China is famous for many things, including fake goods. From clothes and bags to electronics - even whole fake cities - China has it all. But some "artisans" went further and began to fake food ...
Plastic rice
At first glance, rice cannot be faked, but resourceful Chinese were able to do this. Fake Chinese rice is also called plastic rice. It is made from sweet potatoes and synthetic resin, it is very similar to real rice.
Artificial rice is commonly sold in Chinese markets in Taiyuan City, Shaanxi Province. This rice is poorly digested and stays as hard as a stone even after it is cooked. It can not be eaten. Eating three bowls of this rice is like eating a sack of vinyl or a plastic bag
In addition to producing artificial rice, dishonest Chinese sellers add flavorings to regular rice and sell it under the guise of more expensive rice, Wuchang Rice, one of the best rice brands in Chinese markets. Only 800 thousand tons of Wuchang rice is produced annually, and 10 million tons are sold. In other words, 9 million tons of rice fake
Rat mutton
When dishonest sellers do not fake rice, they add chemicals to the meat of rats, minks and foxes and sell it under the guise of mutton. The scheme was so popular and successful that in just three months the police arrested 900 people and seized 20 thousand tons of this meat. Wei, one of the sellers of such meat alone, earned more than a million pounds. He mixed fox, rat and mink meat with nitrates, gelatin and carmine before selling it to unsuspecting buyers in the market.
The Chinese police published instructions on how to distinguish real mutton from fake on the largest site of microbiologists. At first glance, it is difficult to notice the differences. The white and red parts of the real mutton do not separate after the meat is thawed or cooked, while in the fake meat they separate
Chemical tofu
Tofu is also called bean curd - it is a cheese made from a mixture of soy milk and coagulant.

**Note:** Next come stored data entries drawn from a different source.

theorem proposition3:
  fixes V V' :: "'a set" and EL ER EL' ER' :: "'a set set"
  assumes "hypergraph V EL" and "hypergraph V ER"
    and "hypergraph V' EL'" and "hypergraph V' ER'"
    and "V \<inter> V' = {}"
    and "left_first_wins V EL ER"
    and "right_first_wins V' EL' ER'"
  shows "(left_delay V EL ER \<le> right_delay V' EL' ER' \<longrightarrow>
            left_first_wins (V \<union> V') (EL \<union> EL') (ER \<union> ER'))
       \<and> (right_delay V' EL' ER' \<le> left_delay V EL ER \<longrightarrow>
            right_first_wins (V \<union> V') (EL \<union> EL') (ER \<union> ER'))
       \<and> (left_first_wins (V \<union> V') (EL \<union> EL') (ER \<union> ER') \<or>
          right_first_wins (V \<union> V') (EL \<union> EL') (ER \<union> ER'))"
proof -
  have games: "disjoint_games V V' EL ER EL' ER'"
    using assms(1-5) by (simp add: disjoint_games_def)
  show ?thesis
    using disjoint_games.left_first_wins_union[OF games assms(6)]
      right_first_wins_union[OF games assms(7)] linear
    by blast
qed

end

Chinese authorities recently closed two factories in Wuhan (Hebei Province) for selling fake tofu, which was obtained by mixing different chemicals. One worker admitted that they mixed soy protein with flour, sodium glutamate, dye and ice, and then packaged so that it was not easy to match the present, but also resembled the popular Qianye brand. So the factory solved the sales problem from the very beginning.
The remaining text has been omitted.